■ Prompt: Search the records for the string "imports", then copy each line where it appears.

■ Material shown:
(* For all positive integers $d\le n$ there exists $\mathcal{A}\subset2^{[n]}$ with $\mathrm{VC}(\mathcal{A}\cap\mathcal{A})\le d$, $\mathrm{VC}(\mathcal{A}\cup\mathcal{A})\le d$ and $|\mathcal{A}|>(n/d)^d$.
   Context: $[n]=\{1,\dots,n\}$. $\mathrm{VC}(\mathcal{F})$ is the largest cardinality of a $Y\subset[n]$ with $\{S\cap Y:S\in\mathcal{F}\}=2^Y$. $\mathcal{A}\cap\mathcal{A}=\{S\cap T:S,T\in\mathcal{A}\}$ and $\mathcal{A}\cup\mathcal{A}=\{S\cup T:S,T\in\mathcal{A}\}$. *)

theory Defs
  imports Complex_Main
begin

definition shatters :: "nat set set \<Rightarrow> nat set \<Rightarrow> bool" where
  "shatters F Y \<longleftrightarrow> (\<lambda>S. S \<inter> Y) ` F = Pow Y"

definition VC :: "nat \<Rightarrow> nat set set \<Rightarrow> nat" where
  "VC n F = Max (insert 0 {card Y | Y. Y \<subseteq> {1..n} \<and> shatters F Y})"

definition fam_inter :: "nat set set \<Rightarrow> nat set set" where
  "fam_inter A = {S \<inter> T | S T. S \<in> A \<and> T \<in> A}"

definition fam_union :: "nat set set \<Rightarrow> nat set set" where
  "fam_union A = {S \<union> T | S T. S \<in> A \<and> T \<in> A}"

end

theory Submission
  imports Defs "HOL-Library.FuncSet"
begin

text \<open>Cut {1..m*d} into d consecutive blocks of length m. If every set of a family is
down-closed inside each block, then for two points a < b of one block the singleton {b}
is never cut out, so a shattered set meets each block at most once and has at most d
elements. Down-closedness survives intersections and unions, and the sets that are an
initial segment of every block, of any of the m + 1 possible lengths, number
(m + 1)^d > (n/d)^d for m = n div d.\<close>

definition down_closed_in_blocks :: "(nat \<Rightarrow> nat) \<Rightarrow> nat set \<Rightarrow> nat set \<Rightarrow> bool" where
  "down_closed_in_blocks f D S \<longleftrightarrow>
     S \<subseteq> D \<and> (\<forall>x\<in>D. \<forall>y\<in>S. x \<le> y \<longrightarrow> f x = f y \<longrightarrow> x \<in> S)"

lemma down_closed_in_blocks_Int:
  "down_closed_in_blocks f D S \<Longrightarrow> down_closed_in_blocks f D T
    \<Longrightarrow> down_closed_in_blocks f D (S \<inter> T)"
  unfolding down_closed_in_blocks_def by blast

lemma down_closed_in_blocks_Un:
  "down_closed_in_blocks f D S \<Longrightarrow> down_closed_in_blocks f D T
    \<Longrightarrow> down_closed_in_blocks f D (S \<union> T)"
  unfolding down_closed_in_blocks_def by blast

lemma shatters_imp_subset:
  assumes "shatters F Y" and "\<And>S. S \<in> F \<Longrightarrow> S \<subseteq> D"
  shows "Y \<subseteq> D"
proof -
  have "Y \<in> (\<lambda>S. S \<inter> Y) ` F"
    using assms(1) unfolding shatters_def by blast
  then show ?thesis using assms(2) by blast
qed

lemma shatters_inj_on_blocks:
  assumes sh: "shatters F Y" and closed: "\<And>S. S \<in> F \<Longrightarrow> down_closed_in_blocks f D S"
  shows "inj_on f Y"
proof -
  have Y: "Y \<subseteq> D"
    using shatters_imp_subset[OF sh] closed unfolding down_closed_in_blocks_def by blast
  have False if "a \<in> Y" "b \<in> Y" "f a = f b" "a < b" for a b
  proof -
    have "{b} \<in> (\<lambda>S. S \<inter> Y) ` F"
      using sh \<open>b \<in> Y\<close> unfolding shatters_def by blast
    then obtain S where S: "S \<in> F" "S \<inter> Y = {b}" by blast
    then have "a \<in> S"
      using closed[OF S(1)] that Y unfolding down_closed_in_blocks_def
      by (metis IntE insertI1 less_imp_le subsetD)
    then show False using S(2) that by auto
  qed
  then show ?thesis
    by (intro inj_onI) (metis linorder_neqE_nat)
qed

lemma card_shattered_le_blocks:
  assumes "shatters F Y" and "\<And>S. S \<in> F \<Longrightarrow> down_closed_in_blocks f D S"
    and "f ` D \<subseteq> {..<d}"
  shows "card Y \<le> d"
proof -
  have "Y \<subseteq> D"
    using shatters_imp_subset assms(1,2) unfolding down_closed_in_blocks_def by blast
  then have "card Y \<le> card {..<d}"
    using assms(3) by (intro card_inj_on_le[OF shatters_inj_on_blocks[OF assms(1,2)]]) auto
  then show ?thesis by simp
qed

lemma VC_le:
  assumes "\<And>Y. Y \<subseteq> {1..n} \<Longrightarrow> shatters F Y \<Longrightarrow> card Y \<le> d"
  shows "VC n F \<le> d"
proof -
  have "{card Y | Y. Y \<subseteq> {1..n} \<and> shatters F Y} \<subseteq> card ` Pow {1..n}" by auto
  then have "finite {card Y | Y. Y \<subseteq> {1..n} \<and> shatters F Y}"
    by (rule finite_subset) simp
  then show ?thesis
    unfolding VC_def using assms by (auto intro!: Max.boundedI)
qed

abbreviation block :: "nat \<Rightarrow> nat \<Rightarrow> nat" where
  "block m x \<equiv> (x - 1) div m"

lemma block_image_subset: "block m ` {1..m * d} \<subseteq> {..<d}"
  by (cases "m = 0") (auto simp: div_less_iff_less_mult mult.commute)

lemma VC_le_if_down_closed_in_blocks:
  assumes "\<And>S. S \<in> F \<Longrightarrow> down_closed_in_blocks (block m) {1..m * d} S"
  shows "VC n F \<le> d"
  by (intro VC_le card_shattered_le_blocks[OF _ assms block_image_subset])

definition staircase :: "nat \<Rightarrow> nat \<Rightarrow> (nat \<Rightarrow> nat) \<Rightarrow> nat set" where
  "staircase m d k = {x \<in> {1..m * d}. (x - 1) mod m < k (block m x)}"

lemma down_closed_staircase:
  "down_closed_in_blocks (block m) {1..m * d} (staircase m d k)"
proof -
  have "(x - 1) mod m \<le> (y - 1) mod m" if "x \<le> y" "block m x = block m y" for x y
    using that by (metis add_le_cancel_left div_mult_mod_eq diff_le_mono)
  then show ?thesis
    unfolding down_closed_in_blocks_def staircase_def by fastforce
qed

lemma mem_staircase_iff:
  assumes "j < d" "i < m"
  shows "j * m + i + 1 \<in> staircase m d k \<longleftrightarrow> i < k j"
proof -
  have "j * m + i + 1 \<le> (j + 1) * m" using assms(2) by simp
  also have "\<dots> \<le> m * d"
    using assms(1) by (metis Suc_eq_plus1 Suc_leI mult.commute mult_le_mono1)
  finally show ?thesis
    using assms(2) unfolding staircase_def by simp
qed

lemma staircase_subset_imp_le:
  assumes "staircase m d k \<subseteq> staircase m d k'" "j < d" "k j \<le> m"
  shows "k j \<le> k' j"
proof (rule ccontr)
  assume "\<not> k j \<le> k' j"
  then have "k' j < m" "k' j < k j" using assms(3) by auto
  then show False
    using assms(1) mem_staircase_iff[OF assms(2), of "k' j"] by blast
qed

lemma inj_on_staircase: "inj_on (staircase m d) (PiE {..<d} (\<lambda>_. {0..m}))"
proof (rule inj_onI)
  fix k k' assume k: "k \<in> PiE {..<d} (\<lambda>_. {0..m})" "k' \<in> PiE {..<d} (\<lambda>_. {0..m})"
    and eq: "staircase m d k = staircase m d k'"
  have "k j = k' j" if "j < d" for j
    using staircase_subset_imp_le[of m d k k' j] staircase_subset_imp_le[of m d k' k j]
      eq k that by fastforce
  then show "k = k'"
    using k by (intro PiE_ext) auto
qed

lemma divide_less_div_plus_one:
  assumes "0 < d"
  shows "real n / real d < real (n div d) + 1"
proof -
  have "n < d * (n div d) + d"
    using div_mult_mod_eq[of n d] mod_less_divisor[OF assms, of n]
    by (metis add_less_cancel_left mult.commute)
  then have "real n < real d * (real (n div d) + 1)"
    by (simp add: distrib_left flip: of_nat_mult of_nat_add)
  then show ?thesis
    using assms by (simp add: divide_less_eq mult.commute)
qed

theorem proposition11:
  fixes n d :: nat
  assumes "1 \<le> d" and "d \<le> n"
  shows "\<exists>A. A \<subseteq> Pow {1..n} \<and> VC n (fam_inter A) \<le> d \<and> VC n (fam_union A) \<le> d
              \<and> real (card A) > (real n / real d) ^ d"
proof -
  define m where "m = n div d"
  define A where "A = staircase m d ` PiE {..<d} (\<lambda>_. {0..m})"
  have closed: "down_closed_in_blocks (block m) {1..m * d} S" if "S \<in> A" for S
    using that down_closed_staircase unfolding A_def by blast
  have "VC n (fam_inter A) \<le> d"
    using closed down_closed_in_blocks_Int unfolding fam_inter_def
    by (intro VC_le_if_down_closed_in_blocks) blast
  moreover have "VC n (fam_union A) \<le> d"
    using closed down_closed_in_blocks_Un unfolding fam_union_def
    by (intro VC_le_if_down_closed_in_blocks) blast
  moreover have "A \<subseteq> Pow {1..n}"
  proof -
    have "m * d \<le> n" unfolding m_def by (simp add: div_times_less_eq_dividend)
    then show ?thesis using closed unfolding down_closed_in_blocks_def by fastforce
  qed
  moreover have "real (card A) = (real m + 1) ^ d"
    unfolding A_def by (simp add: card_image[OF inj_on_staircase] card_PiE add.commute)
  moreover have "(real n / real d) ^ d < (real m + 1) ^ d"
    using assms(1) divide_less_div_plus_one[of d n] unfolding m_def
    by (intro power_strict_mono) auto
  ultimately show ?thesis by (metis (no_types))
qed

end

■ Finished exercise:
  imports Complex_Main
  imports Defs "HOL-Library.FuncSet"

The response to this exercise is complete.